The bottleneck underneath all of this is power, not capital or government incentive, and the numbers involved are large enough to matter well beyond the tech sector. Industry estimates put ICT-sector baseload power requirements at 300 to 500 megawatts by 2026 alone, on top of ordinary economic growth in demand, a figure the country’s existing generation and transmission build-out was never sized for. Wholesale electricity prices across Luzon, Visayas, and Mindanao surged 58 percent in March 2026, and grid reserve margins remain thin enough that the national grid operator has flagged continued vulnerability to unplanned plant outages and demand spikes through mid-2026. Meralco is responding at the individual-project level rather than waiting for system-wide fixes: it commissioned a dedicated 115-kilovolt switching station to serve ePLDT’s VITRO facility in Santa Rosa, energized a dual-feed station inside ST Telemedia’s Polaris campus in Quezon City to guarantee stable power to that roughly 180-megawatt site, and has told researchers it expects to deliver 1,000 megawatts combined to ten data centers in the coming years. None of that changes the underlying reserve-margin math for the grid as a whole, it just prioritizes power delivery to the specific facilities large enough to negotiate their own dedicated infrastructure.

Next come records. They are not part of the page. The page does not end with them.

(* Let $(x_t)$ be a real-valued stationary time series admitting a weak innovations representation: causal maps $G,H$ with $\nu_t=G(x_t,x_{t-1},\dots)$, $\hat x_t=H(\nu_t,\nu_{t-1},\dots)$, $(\nu_t)$ i.i.d. $\mathcal U[0,1]$, and $(\hat x_t)\stackrel{d}{=}(x_t)$ (equality of all finite-dimensional joint distributions). Assume the decoder $H$ is injective. Define the conditional distribution functions $$F(x\mid a_{t-1},a_{t-2},\dots)=\mathbb{P}[x_t\le x\mid x_{t-1}=a_{t-1},x_{t-2}=a_{t-2},\dots],$$ $$\hat F(x\mid b_{t-1},b_{t-2},\dots)=\mathbb{P}[\hat x_t\le x\mid \nu_{t-1}=b_{t-1},\nu_{t-2}=b_{t-2},\dots].$$ Then $F(x\mid a_{t-1},a_{t-2},\dots)=\hat F(x\mid b_{t-1},b_{t-2},\dots)$, as functions of $x$, almost everywhere, for almost all $a_{t-1},a_{t-2},\dots$, where $b_s=H^{-1}(a_s,a_{s-1},\dots)$, i.e. $(b_s)$ is the (unique, by injectivity of $H$) sequence with $a_s=H(b_s,b_{s-1},\dots)$ for all $s\le t-1$.
   Context: The weak innovations representation relaxes the Wiener–Kallianpur innovations representation by requiring only that the decoder output $(\hat x_t)$ have the same distribution as $(x_t)$, rather than equal $(x_t)$. *)

theory Defs
  imports "HOL-Probability.Probability"
begin

text \<open>Space of one-sided sequences (s_0, s_1, ...) of reals, index k = lag k.\<close>
definition seqspace :: "(nat \<Rightarrow> real) measure" where
  "seqspace = PiM UNIV (\<lambda>_. borel)"

definition hist :: "(int \<Rightarrow> 'a \<Rightarrow> real) \<Rightarrow> int \<Rightarrow> 'a \<Rightarrow> nat \<Rightarrow> real" where
  "hist z t \<omega> = (\<lambda>k. z (t - int k) \<omega>)"

definition past :: "(int \<Rightarrow> 'a \<Rightarrow> real) \<Rightarrow> int \<Rightarrow> 'a \<Rightarrow> nat \<Rightarrow> real" where
  "past z t \<omega> = (\<lambda>k. z (t - 1 - int k) \<omega>)"

definition same_fdd :: "'a measure \<Rightarrow> (int \<Rightarrow> 'a \<Rightarrow> real) \<Rightarrow> (int \<Rightarrow> 'a \<Rightarrow> real) \<Rightarrow> bool" where
  "same_fdd M z w \<longleftrightarrow> (\<forall>J. finite J \<longrightarrow>
     distr M (PiM J (\<lambda>_. borel)) (\<lambda>\<omega>. restrict (\<lambda>j. z j \<omega>) J) =
     distr M (PiM J (\<lambda>_. borel)) (\<lambda>\<omega>. restrict (\<lambda>j. w j \<omega>) J))"

definition stationary :: "'a measure \<Rightarrow> (int \<Rightarrow> 'a \<Rightarrow> real) \<Rightarrow> bool" where
  "stationary M z \<longleftrightarrow> (\<forall>h. same_fdd M (\<lambda>j. z (j + h)) z)"

text \<open>Fc is a (jointly measurable) version of the conditional distribution function
  Fc r (a_{t-1}, a_{t-2}, ...) = P[z_t \<le> r | y_{t-1} = a_{t-1}, y_{t-2} = a_{t-2}, ...].\<close>
definition cond_cdf :: "'a measure \<Rightarrow> (int \<Rightarrow> 'a \<Rightarrow> real) \<Rightarrow> (int \<Rightarrow> 'a \<Rightarrow> real) \<Rightarrow> int
    \<Rightarrow> (real \<Rightarrow> (nat \<Rightarrow> real) \<Rightarrow> real) \<Rightarrow> bool" where
  "cond_cdf M z y t Fc \<longleftrightarrow>
     (\<lambda>(r, a). Fc r a) \<in> borel_measurable (borel \<Otimes>\<^sub>M seqspace) \<and>
     (\<forall>r. AE \<omega> in M. Fc r (past y t \<omega>) =
        real_cond_exp M (vimage_algebra (space M) (past y t) seqspace)
          (\<lambda>\<omega>. indicator {\<omega>' \<in> space M. z t \<omega>' \<le> r} \<omega>) \<omega>)"

definition dec_inv :: "((nat \<Rightarrow> real) \<Rightarrow> real) \<Rightarrow> (nat \<Rightarrow> real) \<Rightarrow> nat \<Rightarrow> real" where
  "dec_inv H a = (THE b. (\<forall>k. b k \<in> {0..1}) \<and> (\<forall>k. a k = H (\<lambda>j. b (k + j))))"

Every one of these projects, in other words, is competing for grid capacity in a country where electricity pricing and supply reliability are already contentious political issues entirely separate from AI. Tripling data center demand for power lands on a grid that was never sized with AI-scale compute density in mind, and none of the incentive tiers in the SIPP directly address that constraint, they lower the cost of building, not the cost or availability of the electricity needed to actually run what gets built.
For Philippine AI startups, the practical question the SIPP incentives raise isn’t about data center ownership, almost none of these projects are being built for cheap compute access by local startups, they’re being built for hyperscaler and large enterprise colocation tenants capable of filling a 100-megawatt facility on their own, or dedicated national-security infrastructure under an agreement Manila is still negotiating jurisdiction terms for. The more relevant question is whether this new local supply eventually pushes GPU-hour pricing down for smaller Philippine tenants at all, or whether, as with the Clark hub before it, the capacity gets absorbed entirely by foreign enterprise and government clients before it ever meaningfully reaches a Series A Philippine AI startup’s monthly compute bill.
The SIPP’s tax incentives make the Philippines a cheaper place to build AI infrastructure than it was a year ago. They say nothing yet, on their own, about who actually gets to rent time on what gets built, or whether the power grid underneath it can keep pace with a tripling of demand on top of an already-strained baseload, and both of those distinctions are likely to matter more to the domestic startup ecosystem than the headline capacity figures being reported right now.